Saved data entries
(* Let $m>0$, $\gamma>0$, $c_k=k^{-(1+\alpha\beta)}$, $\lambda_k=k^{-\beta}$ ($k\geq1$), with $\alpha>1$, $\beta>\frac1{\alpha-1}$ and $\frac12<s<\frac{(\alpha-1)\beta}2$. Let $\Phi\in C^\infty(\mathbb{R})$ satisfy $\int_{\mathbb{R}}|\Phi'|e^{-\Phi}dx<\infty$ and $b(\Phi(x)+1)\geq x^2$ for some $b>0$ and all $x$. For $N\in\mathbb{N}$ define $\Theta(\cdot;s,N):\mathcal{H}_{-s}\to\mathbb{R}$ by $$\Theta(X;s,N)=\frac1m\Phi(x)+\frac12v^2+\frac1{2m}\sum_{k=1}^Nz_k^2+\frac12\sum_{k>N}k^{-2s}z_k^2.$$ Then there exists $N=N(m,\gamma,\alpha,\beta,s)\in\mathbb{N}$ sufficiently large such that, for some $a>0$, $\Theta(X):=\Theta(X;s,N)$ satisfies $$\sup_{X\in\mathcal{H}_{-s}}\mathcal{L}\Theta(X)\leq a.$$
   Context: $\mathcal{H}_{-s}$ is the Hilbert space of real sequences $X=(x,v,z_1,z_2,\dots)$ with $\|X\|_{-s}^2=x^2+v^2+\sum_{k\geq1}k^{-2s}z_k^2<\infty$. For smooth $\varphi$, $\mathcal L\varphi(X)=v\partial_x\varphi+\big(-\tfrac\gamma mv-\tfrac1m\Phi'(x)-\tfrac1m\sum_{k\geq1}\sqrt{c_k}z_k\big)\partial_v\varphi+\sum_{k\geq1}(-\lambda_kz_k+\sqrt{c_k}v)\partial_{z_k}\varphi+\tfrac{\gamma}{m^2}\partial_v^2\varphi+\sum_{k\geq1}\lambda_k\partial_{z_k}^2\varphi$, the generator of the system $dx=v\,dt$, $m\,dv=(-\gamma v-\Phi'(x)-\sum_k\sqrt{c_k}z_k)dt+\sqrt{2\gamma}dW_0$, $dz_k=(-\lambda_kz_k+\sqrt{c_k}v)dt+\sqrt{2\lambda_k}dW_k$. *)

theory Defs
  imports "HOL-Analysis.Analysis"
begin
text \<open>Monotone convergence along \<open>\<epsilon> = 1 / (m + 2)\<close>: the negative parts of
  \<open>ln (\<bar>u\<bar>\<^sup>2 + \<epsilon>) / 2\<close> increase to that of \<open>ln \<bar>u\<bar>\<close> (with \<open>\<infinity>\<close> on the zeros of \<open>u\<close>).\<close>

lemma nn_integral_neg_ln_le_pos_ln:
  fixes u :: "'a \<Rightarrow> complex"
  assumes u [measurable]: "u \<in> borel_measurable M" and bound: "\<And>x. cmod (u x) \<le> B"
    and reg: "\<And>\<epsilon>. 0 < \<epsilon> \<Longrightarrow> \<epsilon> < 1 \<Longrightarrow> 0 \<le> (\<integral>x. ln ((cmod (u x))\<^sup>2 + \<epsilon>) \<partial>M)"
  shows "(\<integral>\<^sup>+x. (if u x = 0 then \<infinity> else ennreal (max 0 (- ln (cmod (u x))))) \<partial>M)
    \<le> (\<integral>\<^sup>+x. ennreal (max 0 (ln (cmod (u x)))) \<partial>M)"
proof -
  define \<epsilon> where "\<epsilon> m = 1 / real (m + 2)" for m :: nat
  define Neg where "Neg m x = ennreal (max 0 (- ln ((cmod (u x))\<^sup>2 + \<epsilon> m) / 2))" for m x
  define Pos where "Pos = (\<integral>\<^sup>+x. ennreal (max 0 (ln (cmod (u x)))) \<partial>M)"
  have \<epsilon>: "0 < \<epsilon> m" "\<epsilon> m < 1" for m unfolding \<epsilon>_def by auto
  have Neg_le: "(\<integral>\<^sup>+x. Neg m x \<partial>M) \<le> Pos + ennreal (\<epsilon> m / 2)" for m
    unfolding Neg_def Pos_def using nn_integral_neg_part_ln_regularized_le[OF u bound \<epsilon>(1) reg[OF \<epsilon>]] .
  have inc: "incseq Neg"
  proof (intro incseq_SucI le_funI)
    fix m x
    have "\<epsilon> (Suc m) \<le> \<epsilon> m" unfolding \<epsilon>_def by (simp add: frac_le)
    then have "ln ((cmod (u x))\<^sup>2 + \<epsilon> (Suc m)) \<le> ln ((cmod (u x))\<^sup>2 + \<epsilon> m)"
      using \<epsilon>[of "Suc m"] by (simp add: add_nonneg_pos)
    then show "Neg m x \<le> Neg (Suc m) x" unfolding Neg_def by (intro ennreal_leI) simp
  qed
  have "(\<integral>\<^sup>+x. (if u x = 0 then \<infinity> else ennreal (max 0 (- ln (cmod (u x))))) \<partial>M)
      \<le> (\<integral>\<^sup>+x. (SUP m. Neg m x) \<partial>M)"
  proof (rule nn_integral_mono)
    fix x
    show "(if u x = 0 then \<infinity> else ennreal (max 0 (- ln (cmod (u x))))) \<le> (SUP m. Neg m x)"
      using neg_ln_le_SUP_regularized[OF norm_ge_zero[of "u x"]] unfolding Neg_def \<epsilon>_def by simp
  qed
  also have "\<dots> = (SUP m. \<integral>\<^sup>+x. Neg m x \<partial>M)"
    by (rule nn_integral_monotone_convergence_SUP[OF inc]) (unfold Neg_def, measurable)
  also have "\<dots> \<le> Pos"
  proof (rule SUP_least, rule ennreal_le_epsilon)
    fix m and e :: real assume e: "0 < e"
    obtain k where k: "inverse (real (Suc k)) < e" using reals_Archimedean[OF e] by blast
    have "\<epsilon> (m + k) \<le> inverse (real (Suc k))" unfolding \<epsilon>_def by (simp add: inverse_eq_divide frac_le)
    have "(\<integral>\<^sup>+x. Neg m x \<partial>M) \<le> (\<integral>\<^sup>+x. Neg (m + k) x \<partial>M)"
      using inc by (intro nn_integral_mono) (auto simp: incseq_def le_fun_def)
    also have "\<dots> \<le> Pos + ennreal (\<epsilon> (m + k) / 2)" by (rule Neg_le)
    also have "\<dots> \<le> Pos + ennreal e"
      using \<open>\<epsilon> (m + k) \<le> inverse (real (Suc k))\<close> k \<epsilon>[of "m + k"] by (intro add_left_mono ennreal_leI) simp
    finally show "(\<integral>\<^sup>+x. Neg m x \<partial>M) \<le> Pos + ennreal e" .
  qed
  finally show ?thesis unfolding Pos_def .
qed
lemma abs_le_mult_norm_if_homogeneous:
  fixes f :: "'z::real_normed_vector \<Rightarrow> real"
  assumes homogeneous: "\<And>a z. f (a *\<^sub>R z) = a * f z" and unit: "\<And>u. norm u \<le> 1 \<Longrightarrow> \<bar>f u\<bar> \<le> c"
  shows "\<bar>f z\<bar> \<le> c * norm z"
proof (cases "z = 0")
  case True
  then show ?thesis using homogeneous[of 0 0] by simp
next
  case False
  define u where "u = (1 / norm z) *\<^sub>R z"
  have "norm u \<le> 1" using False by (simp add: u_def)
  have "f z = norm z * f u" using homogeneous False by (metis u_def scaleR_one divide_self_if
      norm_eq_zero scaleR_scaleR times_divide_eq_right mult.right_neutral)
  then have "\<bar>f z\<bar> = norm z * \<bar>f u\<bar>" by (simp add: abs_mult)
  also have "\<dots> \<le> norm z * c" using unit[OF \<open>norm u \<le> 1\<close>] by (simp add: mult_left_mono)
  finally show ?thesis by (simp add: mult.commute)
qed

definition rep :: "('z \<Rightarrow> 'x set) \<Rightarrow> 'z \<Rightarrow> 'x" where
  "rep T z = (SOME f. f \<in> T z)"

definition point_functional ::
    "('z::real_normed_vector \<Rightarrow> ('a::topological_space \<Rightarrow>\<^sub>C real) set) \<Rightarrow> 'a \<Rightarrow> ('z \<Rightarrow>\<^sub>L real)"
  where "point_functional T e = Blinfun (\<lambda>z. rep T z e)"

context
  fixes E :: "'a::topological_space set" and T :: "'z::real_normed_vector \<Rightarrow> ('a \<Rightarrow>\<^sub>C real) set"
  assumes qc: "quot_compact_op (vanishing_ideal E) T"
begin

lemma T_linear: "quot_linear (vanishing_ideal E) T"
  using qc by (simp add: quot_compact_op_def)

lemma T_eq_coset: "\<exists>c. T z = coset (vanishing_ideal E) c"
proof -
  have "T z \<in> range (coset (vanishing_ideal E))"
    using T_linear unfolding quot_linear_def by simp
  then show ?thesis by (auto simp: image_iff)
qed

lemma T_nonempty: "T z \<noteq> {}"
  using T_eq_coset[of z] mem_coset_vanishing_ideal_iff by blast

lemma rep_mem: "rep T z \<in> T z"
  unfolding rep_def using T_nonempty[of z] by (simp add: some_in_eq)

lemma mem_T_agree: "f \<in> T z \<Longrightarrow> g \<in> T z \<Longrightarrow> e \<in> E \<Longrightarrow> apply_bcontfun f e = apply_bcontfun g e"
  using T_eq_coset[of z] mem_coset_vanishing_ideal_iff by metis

◆ **Task description**: Your answer should be only a number: how many lines in the records hold the word "auto".

◆ **Answer area**: 3